Intesa confirme son intérêt

L’annonce n’a cependant pas calmé les velléités d’Intesa. Mardi soir, la banque italienne a en effet confirmé étudier un éventuel rapprochement avec Generali. Dans un communiqué, la direction d’Intesa a précisé que sa direction « examine attentivement et examinera toute possibilité de renforcer sa position et sa performance (…) y compris d’éventuelles combinaisons sectorielles avec Assicurazioni Generali ». D’après des sources proches du dossiers citées par l’agence de presse Reuters, Intesa projetterait une offre par échange de titre sur la majorité du capital de Generali, dont la capitalisation boursière est de 24 milliards.

Allianz en embuscade ?

La banque numéro un sur le marché italien de l’assurance-vie envisagerait de construire un grand pôle de la banque et de l’assurance en unissant ses activités à celles de Generali. Dans le même temps, Inesta céderait certaines filiales étrangères à l’assureur allemand Allianz qui pourrait alors racheter les actifs de Generali en Suisse, en Espagne ainsi qu’en France.

Une cible potentielle

L’assureur italien était redevenu une cible potentielle après l’arrivée à sa tête du français Philippe Donnet et des signes d’instabilité de son tour de table. Le fait que le nouveau pdg ait travaillé pour Axa pendant l’essentiel de sa carrière avait notamment ravivé l’hypothèse (là encore aussitôt démentie) d’un rachat de l’assureur italien par le français. Les rumeurs avaient été relancées par la suite avec les déclarations faites en novembre dernier par Mediobanca, l’actionnaire principal de Generali, sur sa volonté de faire baisser sa participation de 13 à 10 % à court terme. Mercredi soir, interrogé par l'agence de presse allemande DPA, en marge d'une conférence en Allemagne, Thomas Buberl, directeur général d'Axa, a déclaré que jouer un grand rôle dans la consolidation du secteur n'était toutefois « pas la stratégie » de l'assureur français.
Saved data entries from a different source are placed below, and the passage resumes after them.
lemma dist_convex_combination_le:
  fixes a b m m' :: "'a::real_normed_vector"
  assumes "0 \<le> t" "t \<le> 1"
  shows "dist ((1-t) *\<^sub>R a + t *\<^sub>R b) ((1-t) *\<^sub>R m + t *\<^sub>R m') \<le> (1-t) * dist a m + t * dist b m'"
proof -
  have "dist ((1-t) *\<^sub>R a + t *\<^sub>R b) ((1-t) *\<^sub>R m + t *\<^sub>R m') =
      norm ((1-t) *\<^sub>R (a - m) + t *\<^sub>R (b - m'))"
    by (simp add: dist_norm algebra_simps)
  also have "\<dots> \<le> norm ((1-t) *\<^sub>R (a - m)) + norm (t *\<^sub>R (b - m'))"
    by (rule norm_triangle_ineq)
  also have "\<dots> = (1-t) * dist a m + t * dist b m'"
    using assms by (simp add: dist_norm)
  finally show ?thesis .
qed

lemma le_scaled_infdist:
  assumes "A \<noteq> {}" "0 \<le> s" "\<And>m. m \<in> A \<Longrightarrow> c \<le> s * dist x m + r"
  shows "c \<le> s * infdist x A + r"
proof (cases "s = 0")
  case True
  then show ?thesis using assms by auto
next
  case False
  with assms(2) have "0 < s" by simp
  have "(c - r) / s \<le> infdist x A"
    unfolding infdist_notempty[OF assms(1)]
  proof (rule cINF_greatest[OF assms(1)])
    fix m assume "m \<in> A"
    then show "(c - r) / s \<le> dist x m"
      using assms(3)[of m] \<open>0 < s\<close> by (simp add: divide_le_eq mult.commute)
  qed
  then show ?thesis using \<open>0 < s\<close> by (simp add: divide_le_eq mult.commute)
qed

lemma infdist_convex_combination_le:
  fixes A :: "'a::real_normed_vector set"
  assumes "convex A" "A \<noteq> {}" "0 \<le> t" "t \<le> 1"
  shows "infdist ((1-t) *\<^sub>R a + t *\<^sub>R b) A \<le> (1-t) * infdist a A + t * infdist b A"
proof -
  have "infdist ((1-t) *\<^sub>R a + t *\<^sub>R b) A \<le> (1-t) * infdist a A + t * dist b m'"
    if "m' \<in> A" for m'
  proof (rule le_scaled_infdist[OF assms(2)])
    fix m assume "m \<in> A"
    then have "(1-t) *\<^sub>R m + t *\<^sub>R m' \<in> A"
      using assms \<open>m' \<in> A\<close> convexD_alt by blast
    then have "infdist ((1-t) *\<^sub>R a + t *\<^sub>R b) A \<le>
        dist ((1-t) *\<^sub>R a + t *\<^sub>R b) ((1-t) *\<^sub>R m + t *\<^sub>R m')"
      by (rule infdist_le)
    also have "\<dots> \<le> (1-t) * dist a m + t * dist b m'"
      using assms by (intro dist_convex_combination_le)
    finally show "infdist ((1-t) *\<^sub>R a + t *\<^sub>R b) A \<le> (1-t) * dist a m + t * dist b m'" .
  qed (use assms in simp)
  then have "infdist ((1-t) *\<^sub>R a + t *\<^sub>R b) A \<le> t * infdist b A + (1-t) * infdist a A"
    by (intro le_scaled_infdist[OF assms(2,3)]) (simp add: add.commute)
  then show ?thesis by simp
qed

lemma convex_on_infdist:
  fixes A :: "'a::real_normed_vector set"
  assumes "convex A" "A \<noteq> {}"
  shows "convex_on UNIV (\<lambda>x. infdist x A)"
  by (rule convex_onI) (use infdist_convex_combination_le[OF assms] in auto)

lemma infdist_mean_less:
  fixes A :: "'a::real_normed_vector set"
  assumes "convex A" "A \<noteq> {}" "finite I" "j \<in> I"
    and "\<And>i. i \<in> I \<Longrightarrow> infdist (k i) A \<le> e" "infdist (k j) A < e"
  shows "infdist (\<Sum>i\<in>I. (1 / card I) *\<^sub>R k i) A < e"
proof -
  have "card I > 0" using assms(3,4) card_gt_0_iff by blast
  have "infdist (\<Sum>i\<in>I. (1 / card I) *\<^sub>R k i) A \<le> (\<Sum>i\<in>I. (1 / card I) * infdist (k i) A)"
    using assms(3,4) \<open>card I > 0\<close>
    by (intro convex_on_sum[OF _ _ convex_on_infdist[OF assms(1,2)]]) auto
  also have "\<dots> < (\<Sum>i\<in>I. (1 / card I) * e)"
    using assms \<open>card I > 0\<close>
    by (intro sum_strict_mono_ex1) (auto intro!: bexI[of _ j] divide_right_mono divide_strict_right_mono)
  also have "\<dots> = e" using \<open>card I > 0\<close> by simp
  finally show ?thesis .
qed

lemma compact_infdist_le_less:
  assumes "compact A" "A \<noteq> {}" "\<And>x. x \<in> A \<Longrightarrow> \<exists>p\<in>K. dist p x < e"
  shows "\<exists>r<e. \<forall>x\<in>A. infdist x K \<le> r"
proof -
  obtain x0 where "x0 \<in> A" and x0: "\<forall>x\<in>A. infdist x K \<le> infdist x0 K"
    using continuous_attains_sup[OF assms(1,2)] continuous_on_infdist[OF continuous_on_id]
    by blast
  obtain p where "p \<in> K" "dist p x0 < e" using assms(3) \<open>x0 \<in> A\<close> by blast
  then have "infdist x0 K < e" using infdist_le[of p K x0] by (simp add: dist_commute)
  then show ?thesis using x0 by blast
qed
Les marchés en faveur du mariage

Les marchés, eux, semblent pencher pour le scénario du mariage avec Intesa. Depuis lundi l’action de l’assureur italien a littéralement bondi. Après avoir déjà grimpé à 14,30 euros lundi soir, sa valeur a atteint 15,57 euros mercredi.

Le départ du numéro deux de Generali

Enième coup de théâtre : mercredi soir, Generali a annoncé le départ de son numéro deux, Alberto Minali, et son remplacement au poste de directeur financier par Luigi Lubelli. Le conseil d'administration, réuni dans la soirée  « a décidé d'interrompre le contrat de travail du directeur général et directeur financier Alberto Minali », a indiqué Generali dans un communiqué. Un accord a ainsi été passé avec Alberto Minali qui quittera ses fonctions le 31 janvier. Cet accord prévoit le versement d'au moins 5,7 millions d'euros bruts, via différents bonus et en compensation d'une clause de non-concurrence. « Pour le moment il ne sera pas remplacé dans son rôle de directeur général », a fait savoir l'assureur italien, indiquant que « toutes les fonctions de premier niveau de l'entreprise qui revenaient précédemment à Minali sont remises, avec effet immédiat, en rapport direct avec le PDG », le français Philippe Donnet.